January 2025
Q4 2024 Quarterly Perspectives
By: Aaron Adkins, CFP® ChFC CLU, Investment Communications Strategist
Strong 2-Year S&P 500 Rally
The fourth quarter of 2024 provided mixed results across various market segments, but the calendar year delivered robust performance. The S&P 500 Index posted an impressive 25% return for the year. This was the second consecutive year of 20%+ gains for the S&P 500, a rare occurrence. As illustrated in Figure 1, going back to 1970, there have only been three other instances of back-to-back 20%+ annual returns: 1995–1996, 1982–1983, and 1975–1976.
FIGURE 1: STRONG 2-YEAR RALLY BY EQUITIES | S&P 500 Annual Total Returns (1970–2024)
SOURCE: BLOOMBERG
History suggests that strong performance following such periods is not uncommon. In two of these three prior instances, highlighted by the green shading in Figure 1, the market delivered exceptional returns in the years that followed. While no one can predict the future, history provides a reassuring perspective: a strong trend does not necessarily mean the rally is over.
Asset Class Returns Varied Greatly
Despite the dominance of the S&P 500, other areas of the stock market also performed solidly, albeit at lower levels. As shown in Figure 2, the S&P 500 Equal-Weighted Index, mid-cap stocks, and small-cap stocks delivered returns ranging between 11% and 14% for the year. Growth stocks, represented by the Russell 1000 Growth Index, were a standout, returning more than 33%—more than double the 14% return of the Russell 1000 Value Index. Much of this disparity is driven by the exceptional performance of the “Magnificent 7”: Apple, Microsoft, Amazon, Alphabet, Meta, Nvidia, and Tesla. These companies led the market and continued to post strong earnings, justifying their valuations and solidifying their leadership in the global economy.
FIGURE 2: ASSET CLASS RETURNS | As of 12/31/24
INDICES: BLOOMBERG
International stocks faced more headwinds than U.S. stocks in 2024, weighed down by a strengthening U.S. dollar. Developed markets, represented by the MSCI EAFE Index, returned only 4.5%, while emerging markets, represented by the MSCI Emerging Markets Index, achieved an 8% return. Meanwhile, fixed-income markets experienced volatility as Federal Reserve policy dominated headlines throughout the year.
The Fed Shifts Policy
The Federal Reserve played a pivotal role in shaping market dynamics throughout the year as it worked to curb inflation while supporting economic growth. As shown in Figure 3, the Consumer Price Index (CPI) spiked from below 2% to over 9% in 2021 and 2022. To address this, the Fed raised interest rates aggressively, with the upper bound on short-term rates peaking at 5.50%. After the Fed saw a sustained downward trajectory in inflation toward their 2% long-term target, they became comfortable with reducing the magnitude of their restrictive policy.
FIGURE 3: THE FED STARTS CUTTING RATES | January 1, 2021–December 31, 2024
SOURCE: BLOOMBERG, AS OF 12/31/2024. *INFLATION REPRESENTED THE US CPI URBAN CONSUMERS YEAR-ON-YEAR (YOY)
On September 18, 2024, the Fed signaled a shift in policy by cutting rates by 50 basis points for the first time since 2022. Two additional 25 basis point cuts in November and December combined to reduce rates by 100 basis points in the fourth quarter. However, despite these cuts, long-term interest rates moved higher toward year-end, driven by robust economic growth and strong labor market conditions.

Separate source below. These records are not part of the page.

(* Let $(S_n)_{n\in\mathbb{N}}$ be a simple random walk on $\mathbb{Z}$ with constant transition probability $p\equiv\overline{p}\in(0,1)$, $\overline{p}\neq\frac12$ (i.e. i.i.d. steps equal to $+1$ with probability $\overline{p}$ and $-1$ with probability $1-\overline{p}$). Then there exists a bounded function $f:\mathbb{Z}\to\mathbb{R}$ such that the sequence $\ell_n(f)=\frac1n\sum_{j=1}^n f(S_j)$, $n\in\mathbb{N}$, does not satisfy a large deviation principle.
   Context: A sequence of real random variables $(X_n)$ satisfies a large deviation principle if there is a lower semicontinuous $J:\mathbb{R}\to[0,\infty]$ with $-\inf_U J\le\liminf_n\frac1n\log\mathbb{P}(X_n\in U)$ for all open $U$ and $\limsup_n\frac1n\log\mathbb{P}(X_n\in F)\le-\inf_F J$ for all closed $F$. The walk starts at $S_1=0$. *)

theory Defs
  imports "HOL-Probability.Probability"
begin

definition lower_semicont :: "(real \<Rightarrow> ereal) \<Rightarrow> bool" where
  "lower_semicont J \<longleftrightarrow> (\<forall>c::ereal. closed {x. J x \<le> c})"

definition eln :: "real \<Rightarrow> ereal" where
  "eln q = (if q = 0 then -\<infinity> else ereal (ln q))"

definition satisfies_LDP :: "'a measure \<Rightarrow> (nat \<Rightarrow> 'a \<Rightarrow> real) \<Rightarrow> bool" where
  "satisfies_LDP M Y \<longleftrightarrow>
     (\<exists>J :: real \<Rightarrow> ereal. lower_semicont J \<and> (\<forall>x. 0 \<le> J x) \<and>
       (\<forall>U. open U \<longrightarrow>
          - (INF x\<in>U. J x) \<le>
            liminf (\<lambda>n. ereal (1 / real n) * eln (measure M {\<omega> \<in> space M. Y n \<omega> \<in> U}))) \<and>
       (\<forall>F. closed F \<longrightarrow>
          limsup (\<lambda>n. ereal (1 / real n) * eln (measure M {\<omega> \<in> space M. Y n \<omega> \<in> F}))
            \<le> - (INF x\<in>F. J x)))"

text \<open>Simple random walk started at S_1 = 0 with steps X 1, X 2, ...:
  S_j = X 1 + ... + X (j-1).\<close>
definition walk :: "(nat \<Rightarrow> 'a \<Rightarrow> int) \<Rightarrow> nat \<Rightarrow> 'a \<Rightarrow> int" where
  "walk X j \<omega> = (\<Sum>i\<in>{1..<j}. X i \<omega>)"

definition empirical_avg :: "(int \<Rightarrow> real) \<Rightarrow> (nat \<Rightarrow> 'a \<Rightarrow> int) \<Rightarrow> nat \<Rightarrow> 'a \<Rightarrow> real" where
  "empirical_avg f X n \<omega> = (1 / real n) * (\<Sum>j=1..n. f (walk X j \<omega>))"

end

theory Submission
  imports Defs "HOL-Real_Asymp.Real_Asymp"
begin
lemma le_of_pair_count_bound:
  fixes g s n :: nat
  assumes "(2 * g) * (2 * g - 1) \<le> 2 * s + n * (g * (g - 1))" "n \<le> 4"
  shows "g \<le> s"
proof -
  have "n * (g * (g - 1)) \<le> 4 * (g * (g - 1))" using assms(2) by (rule mult_right_mono) simp
  moreover have "(2 * g) * (2 * g - 1) = 4 * (g * (g - 1)) + 2 * g"
    by (cases g) (simp_all add: algebra_simps)
  ultimately show ?thesis using assms(1) by linarith
qed

lemma period_kernel_products_in_Q_span:
  assumes "field_degree (gen_field {\<tau>$i$j | i j. True}) < enat (Suc n)"
  obtains Sb where "finite Sb" "card Sb \<le> n"
    "\<And>k l a b. \<exists>c. period_kernel_vec \<tau> k a * period_kernel_vec \<tau> l b = (\<Sum>e\<in>Sb. of_rat (c e) * e)"
proof -
  define K where "K = gen_field {\<tau>$i$j | i j. True}"
  obtain Sb where Sb: "finite Sb" "card Sb \<le> n"
    and span: "\<forall>z\<in>K. \<exists>c. z = (\<Sum>x\<in>Sb. of_rat (c x) * x)"
    using assms unfolding K_def by (rule Q_span_of_field_degree_less)
  have "is_subfield K" unfolding K_def by (rule is_subfield_gen_field)
  moreover have "\<tau>$i$j \<in> K" for i j
    unfolding K_def by (rule subsetD[OF gen_field_subset]) blast
  ultimately have "period_kernel_vec \<tau> k a * period_kernel_vec \<tau> l b \<in> K" for k l a b
    by (intro is_subfield_mult period_kernel_vec_mem)
  with span Sb that show ?thesis by blast
qed

lemma exists_NS_subset_rank_bound:
  fixes \<tau> :: "complex^'g^'g"
  assumes "det (\<chi> i j. Im (\<tau>$i$j)) \<noteq> 0" "finite Sb"
    and "\<And>k l a b. \<exists>c. period_kernel_vec \<tau> k a * period_kernel_vec \<tau> l b = (\<Sum>e\<in>Sb. of_rat (c e) * e)"
  obtains S where "S \<subseteq> NS \<tau>" "Z_indep S"
    "CARD('g + 'g) * (CARD('g + 'g) - 1) \<le> 2 * card S + card Sb * (CARD('g) * (CARD('g) - 1))"
proof -
  obtain S where S: "Z_indep S"
    "CARD('g + 'g) * (CARD('g + 'g) - 1) \<le> 2 * card S + card Sb * (CARD('g) * (CARD('g) - 1))"
    and alt: "\<And>E a. E \<in> S \<Longrightarrow> E a a = 0" "\<And>E a b. E \<in> S \<Longrightarrow> E a b = - E b a"
    and iso: "\<And>E k l. E \<in> S \<Longrightarrow>
       bilin_form (\<lambda>a b. of_int (E a b)) (period_kernel_vec \<tau> k) (period_kernel_vec \<tau> l) = 0"
    using exists_isotropic_integral_forms[where w = "period_kernel_vec \<tau>", OF assms(2,3)] by blast
  have "S \<subseteq> NS \<tau>"
    using alt iso by (intro subsetI NS_memI[OF assms(1)] allI) blast+
  with S that show ?thesis by blast
qed

theorem mainTheorem9:
  fixes \<tau> :: "complex^'g^'g"
  assumes "det (\<chi> i j. Im (\<tau>$i$j)) \<noteq> 0"
    and "picard_number \<tau> < enat CARD('g)"
  shows "field_degree (gen_field {\<tau>$i$j | i j. True}) \<ge> 5"
proof (rule ccontr)
  assume "\<not> field_degree (gen_field {\<tau>$i$j | i j. True}) \<ge> 5"
  then have "field_degree (gen_field {\<tau>$i$j | i j. True}) < enat (Suc 4)"
    by (simp add: not_le numeral_eq_enat)
  then obtain Sb where Sb: "finite Sb" "card Sb \<le> 4"
    and span: "\<And>k l a b. \<exists>c. period_kernel_vec \<tau> k a * period_kernel_vec \<tau> l b = (\<Sum>e\<in>Sb. of_rat (c e) * e)"
    using period_kernel_products_in_Q_span by blast
  obtain S where "S \<subseteq> NS \<tau>" "Z_indep S"
    and bound: "CARD('g + 'g) * (CARD('g + 'g) - 1) \<le> 2 * card S + card Sb * (CARD('g) * (CARD('g) - 1))"
    using exists_NS_subset_rank_bound[OF assms(1) Sb(1) span] by blast
  have "CARD('g + 'g) = 2 * CARD('g)" by (simp add: card_UNIV_sum)
  with bound have "CARD('g) \<le> card S"
    using le_of_pair_count_bound[OF _ Sb(2)] by metis
  then have "enat CARD('g) \<le> enat (card S)" by simp
  also have "\<dots> \<le> picard_number \<tau>" by (rule card_le_picard_number) fact+
  finally show False using assms(2) by simp
qed

end
(* Let $e_1,e_2,e_3$ be nonzero integers with $e_1+e_2+e_3=0$, $\gcd(e_1,e_2,e_3)\in\{1,2\}$ and $v_2(e_1)=v_2(e_2)<v_2(e_3)$. Let $(a,b,c)$ be a primitive triple of odd integers with $e_1a^2+e_2b^2+e_3c^2=0$ and $a\equiv b\equiv c\equiv 1\pmod 4$. Let $n$ be a positive integer all of whose prime factors are nonzero quadratic residues modulo each odd prime factor of $e_1e_2e_3$. Then $\frac18(a+b)(b+c)(c+a)$ is an integer congruent to $1$ modulo $4$, and it is a quadratic residue modulo each prime factor of $n$.
   Context: $v_2$ denotes the $2$-adic valuation. *)

theory Defs
  imports "HOL-Number_Theory.Number_Theory"
begin

end

theory Submission
  imports Defs "HOL-Computational_Algebra.Squarefree"
begin

(*
  Put x = (b + c)/2, y = (c + a)/2, z = (a + b)/2. Since a, b, c are 1 mod 4, these are odd,
  (a + b)(b + c)(c + a)/8 = xyz is 1 mod 4, and substituting a = y + z - x etc. turns the conic
  into e1 yz + e2 zx + e3 xy = 0. A prime r not dividing e1 e2 e3 misses one of x, y, z by
  primitivity, and the equation then forces the r-adic valuations of the other two to agree, so
  v_r(xyz) is even. Hence xyz is a square times a product of numbers r* = (-1)^((r-1)/2) r with
  r an odd prime factor of e1 e2 e3, and by quadratic reciprocity each such r* is a square modulo
  every prime factor p of n, because p is a square modulo r.
*)

(* The r* = (-1)^((r-1)/2) r of quadratic reciprocity (see pstar_eq_sign_power), extended to
   every odd m as the one of m, -m that is 1 mod 4. *)
definition pstar :: "int \<Rightarrow> int" where
  "pstar m = (if m mod 4 = 1 then m else - m)"

lemma pstar_uminus:
  fixes m :: int
  assumes "odd m"
  shows "pstar (- m) = pstar m"
proof -
  have "m mod 4 = 1 \<or> m mod 4 = 3"
    using assms by presburger
  then show ?thesis
    unfolding pstar_def by (auto simp: zmod_zminus1_eq_if)
qed

lemma pstar_mult:
  fixes m n :: int
  assumes "odd m" "odd n"
  shows "pstar (m * n) = pstar m * pstar n"
proof -
  have "m mod 4 = 1 \<or> m mod 4 = 3" "n mod 4 = 1 \<or> n mod 4 = 3"
    using assms by presburger+
  moreover have "(m * n) mod 4 = (m mod 4) * (n mod 4) mod 4"
    by (simp add: mod_mult_eq)
  ultimately show ?thesis
    unfolding pstar_def by auto
qed

lemma pstar_square_mult:
  fixes m t :: int
  assumes "odd t"
  shows "pstar (t\<^sup>2 * m) = t\<^sup>2 * pstar m"
proof -
  obtain k where "t = 2 * k + 1"
    using assms by (metis oddE)
  then have "t\<^sup>2 * m = 4 * ((k\<^sup>2 + k) * m) + m"
    by (simp add: algebra_simps power2_eq_square)
  then show ?thesis
    unfolding pstar_def by auto
qed

lemma pstar_eq_sign_power:
  fixes r :: int
  assumes "odd r" "r > 0"
  shows "pstar r = (-1) ^ nat ((r - 1) div 2) * r"
proof -
  define k where "k = r div 4"
  have "r = 4 * k + 1 \<or> r = 4 * k + 3" "k \<ge> 0"
    using assms unfolding k_def by presburger+
  then show ?thesis
    unfolding pstar_def by (auto simp: nat_mult_distrib nat_add_distrib power_add power_mult)
qed

lemma pstar_eq_self:
  fixes m :: int
  assumes "[m = 1] (mod 4)"
  shows "pstar m = m"
  using assms unfolding pstar_def cong_def by simp

lemma QuadRes_mult:
  assumes "QuadRes p a" "QuadRes p b"
  shows "QuadRes p (a * b)"
proof -
  obtain y z where "[y\<^sup>2 = a] (mod p)" "[z\<^sup>2 = b] (mod p)"
    using assms unfolding QuadRes_def by blast
  then have "[(y * z)\<^sup>2 = a * b] (mod p)"
    by (metis cong_mult power_mult_distrib)
  then show ?thesis
    unfolding QuadRes_def by blast
qed

lemma QuadRes_2_odd:
  fixes a :: int
  assumes "odd a"
  shows "QuadRes 2 a"
proof -
  have "[1\<^sup>2 = a] (mod 2)"
    using assms by (simp add: cong_def odd_iff_mod_2_eq_one)
  then show ?thesis
    unfolding QuadRes_def by blast
qed

lemma euler_criterion_int:
  fixes p a :: int
  assumes "prime p" "2 < p"
  shows "[Legendre a p = a ^ nat ((p - 1) div 2)] (mod p)"
proof -
  have "int (nat p) = p" "prime (nat p)" "2 < nat p" "(nat p - 1) div 2 = nat ((p - 1) div 2)"
    using assms by (auto simp: nat_div_distrib)
  then show ?thesis
    using euler_criterion[of "nat p" a] by metis
qed

lemma QuadRes_if_power_cong_1:
  fixes p a :: int
  assumes "prime p" "2 < p" "[a ^ nat ((p - 1) div 2) = 1] (mod p)"
  shows "QuadRes p a"
proof -
  have "[Legendre a p = 1] (mod p)"
    using euler_criterion_int[OF assms(1,2)] assms(3) by (rule cong_trans)
  moreover have "\<not> [0 = 1] (mod p)" "\<not> [-1 = 1] (mod p)"
    using assms(2) by (simp_all add: cong_def zmod_minus1)
  ultimately show ?thesis
    unfolding Legendre_def by (auto split: if_splits)
qed

lemma reciprocity_QuadRes_pstar:
  fixes p r :: int
  assumes p: "prime p" "odd p" and r: "prime r" "odd r"
    and "\<not> r dvd p" "QuadRes r p"
  shows "QuadRes p (pstar r)"
proof -
  have "2 < p" "2 < r"
    using prime_ge_2_int[OF p(1)] prime_ge_2_int[OF r(1)] p(2) r(2) by (auto simp: order_le_less)
  have "p \<noteq> r"
    using assms(5) by auto
  define hp hr where "hp = nat ((p - 1) div 2)" and "hr = nat ((r - 1) div 2)"
  \<comment> \<open>Euler: (r*)^hp = (-1)^(hp hr) r^hp, which is congruent to (-1)^(hp hr) (r/p) = (p/r) = 1.\<close>
  have "Legendre p r = 1"
    using assms(5,6) unfolding Legendre_def by (simp add: cong_0_iff)
  moreover have "Legendre p r * Legendre r p = (-1) ^ (hp * hr)"
    using Quadratic_Reciprocity_int[of p r] p(1) r(1) \<open>2 < p\<close> \<open>2 < r\<close> \<open>p \<noteq> r\<close>
    unfolding hp_def hr_def by (simp add: nat_mult_distrib)
  ultimately have "[(-1) ^ (hp * hr) = r ^ hp] (mod p)"
    using euler_criterion_int[OF p(1) \<open>2 < p\<close>, of r] unfolding hp_def by simp
  then have "[(-1) ^ (hp * hr) * r ^ hp = (-1) ^ (hp * hr) * (-1) ^ (hp * hr)] (mod p)"
    by (rule cong_scalar_left[OF cong_sym])
  moreover have "pstar r ^ hp = (-1) ^ (hp * hr) * r ^ hp"
    using pstar_eq_sign_power[OF r(2)] \<open>2 < r\<close> unfolding hr_def
    by (simp add: power_mult_distrib mult.commute[of hp] power_mult)
  ultimately have "[pstar r ^ hp = 1] (mod p)"
    by (simp flip: power_add)
  then show ?thesis
    using QuadRes_if_power_cong_1 p(1) \<open>2 < p\<close> unfolding hp_def by blast
qed

lemma QuadRes_pstar_prod_mset:
  fixes A :: "int multiset"
  assumes "\<And>r. r \<in># A \<Longrightarrow> odd r \<and> QuadRes p (pstar r)"
  shows "QuadRes p (pstar (prod_mset A))"
  using assms
proof (induction A)
  case empty
  have "QuadRes p 1"
    unfolding QuadRes_def by (metis cong_refl one_power2)
  then show ?case
    by (simp add: pstar_def)
next
  case (add r A)
  have "odd (prod_mset A)"
    using add.prems by (auto simp: prime_dvd_prod_mset_iff[OF two_is_prime])
  then show ?case
    using add pstar_mult QuadRes_mult by simp
qed

lemma QuadRes_pstar_if_prime_divisors:
  fixes s p :: int
  assumes "odd s" "\<And>r. prime r \<Longrightarrow> r dvd s \<Longrightarrow> QuadRes p (pstar r)"
  shows "QuadRes p (pstar s)"
proof -
  have "s \<noteq> 0"
    using assms(1) by auto
  have "QuadRes p (pstar (prod_mset (prime_factorization s)))"
    using assms by (intro QuadRes_pstar_prod_mset) (auto simp: in_prime_factors_iff intro: dvd_trans)
  moreover have "prod_mset (prime_factorization s) = \<bar>s\<bar>"
    using \<open>s \<noteq> 0\<close> by (simp add: prod_mset_prime_factorization)
  moreover have "pstar \<bar>s\<bar> = pstar s"
    using assms(1) pstar_uminus by (cases "s \<ge> 0") auto
  ultimately show ?thesis
    by simp
qed

lemma QuadRes_pstar_if_odd_multiplicity:
  fixes M p :: int
  assumes "odd M" "\<And>r. prime r \<Longrightarrow> odd (multiplicity r M) \<Longrightarrow> QuadRes p (pstar r)"
  shows "QuadRes p (pstar M)"
proof -
  define s t where "s = squarefree_part M" and "t = square_part M"
  have M: "M = t\<^sup>2 * s"
    unfolding s_def t_def using squarefree_decompose[of M] by (simp add: mult.commute)
  then have "odd s" "odd t" "s \<noteq> 0"
    using assms(1) by auto
  have "QuadRes p (pstar s)"
  proof (rule QuadRes_pstar_if_prime_divisors[OF \<open>odd s\<close>])
    fix r assume r: "prime r" "r dvd s"
    then have "multiplicity r s > 0"
      using prime_multiplicity_gt_zero_iff[OF prime_imp_prime_elem \<open>s \<noteq> 0\<close>] by blast
    then have "odd (multiplicity r M)"
      using prime_multiplicity_squarefree_part[OF r(1), of M] unfolding s_def by presburger
    then show "QuadRes p (pstar r)"
      using assms(2) r(1) by blast
  qed
  moreover have "QuadRes p (t\<^sup>2)"
    unfolding QuadRes_def using cong_refl by blast
  ultimately show ?thesis
    using M pstar_square_mult[OF \<open>odd t\<close>] QuadRes_mult by metis
qed

lemma multiplicity_eq_on_conic:
  fixes r x y z e1 e2 e3 :: int
  assumes r: "prime r" and "\<not> r dvd z" "\<not> r dvd e1" "\<not> r dvd e2"
    and "x \<noteq> 0" "y \<noteq> 0"
    and conic: "e1 * y * z + e2 * z * x + e3 * x * y = 0"
  shows "multiplicity r x = multiplicity r y"
proof -
  define w where "w = - (e1 * z + e3 * x)"
  have eq: "(e2 * z) * x = y * w"
    using conic unfolding w_def by (simp add: algebra_simps)
  have "\<not> r dvd e2 * z" "e2 * z \<noteq> 0"
    using assms(2,4) r by (auto simp: prime_dvd_mult_iff)
  then have "w \<noteq> 0"
    using eq \<open>x \<noteq> 0\<close> by auto
  have "multiplicity r ((e2 * z) * x) = multiplicity r x"
    using prime_elem_multiplicity_mult_distrib[OF prime_imp_prime_elem[OF r] \<open>e2 * z \<noteq> 0\<close> \<open>x \<noteq> 0\<close>]
      \<open>\<not> r dvd e2 * z\<close> by (simp add: not_dvd_imp_multiplicity_0)
  moreover have "multiplicity r (y * w) = multiplicity r y + multiplicity r w"
    using prime_elem_multiplicity_mult_distrib[OF prime_imp_prime_elem[OF r] \<open>y \<noteq> 0\<close> \<open>w \<noteq> 0\<close>] .
  moreover have "\<not> r dvd w" if "r dvd x"
  proof
    assume "r dvd w"
    have "e1 * z = - w - e3 * x"
      unfolding w_def by simp
    then have "r dvd e1 * z"
      using \<open>r dvd w\<close> \<open>r dvd x\<close> by (simp add: dvd_diff)
    then show False
      using assms(2,3) r by (simp add: prime_dvd_mult_iff)
  qed
  ultimately show ?thesis
    using eq by (cases "r dvd x") (auto simp: not_dvd_imp_multiplicity_0)
qed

The Federal Reserve released its updated Summary of Economic Projections at its December meeting, which offered a more gradual and extended timeline for interest rate reductions compared to the projections made in September. This outlook signals the Fed’s commitment to balancing price stability with economic growth. While there could always be changes, Figure 4 illustrates the Fed’s current outlook on short-term interest rates to help investors plan accordingly.
FIGURE 4: FED’S RATE PROJECTIONS | As of December 18, 2024
SOURCE: FOMC MEETING DECEMBER 18, 2024
Economic Data Remains Strong
Other economic indicators also remained encouraging. Third-quarter GDP growth exceeded expectations while the labor market continued to impress. In December, the U.S. economy added 256,000 nonfarm payroll jobs, well above the 160,000 forecast and exceeded November’s 212,000 figure. The unemployment rate also fell to 4.1% in December, down from 4.2% the prior month. These signs of resilience suggest that while inflation remains sticky, the broader economy is maintaining its momentum.
Looking Ahead to 2025
As we enter 2025, several key factors will shape the capital markets landscape. A new presidential administration with a dramatically different agenda will take office in January, introducing potential shifts in fiscal policy, trade policy, and economic priorities. Meanwhile, the Federal Reserve will continue its careful balancing act of stabilizing inflation while fostering economic growth. While introducing some uncertainty, these developments also open the door to new opportunities.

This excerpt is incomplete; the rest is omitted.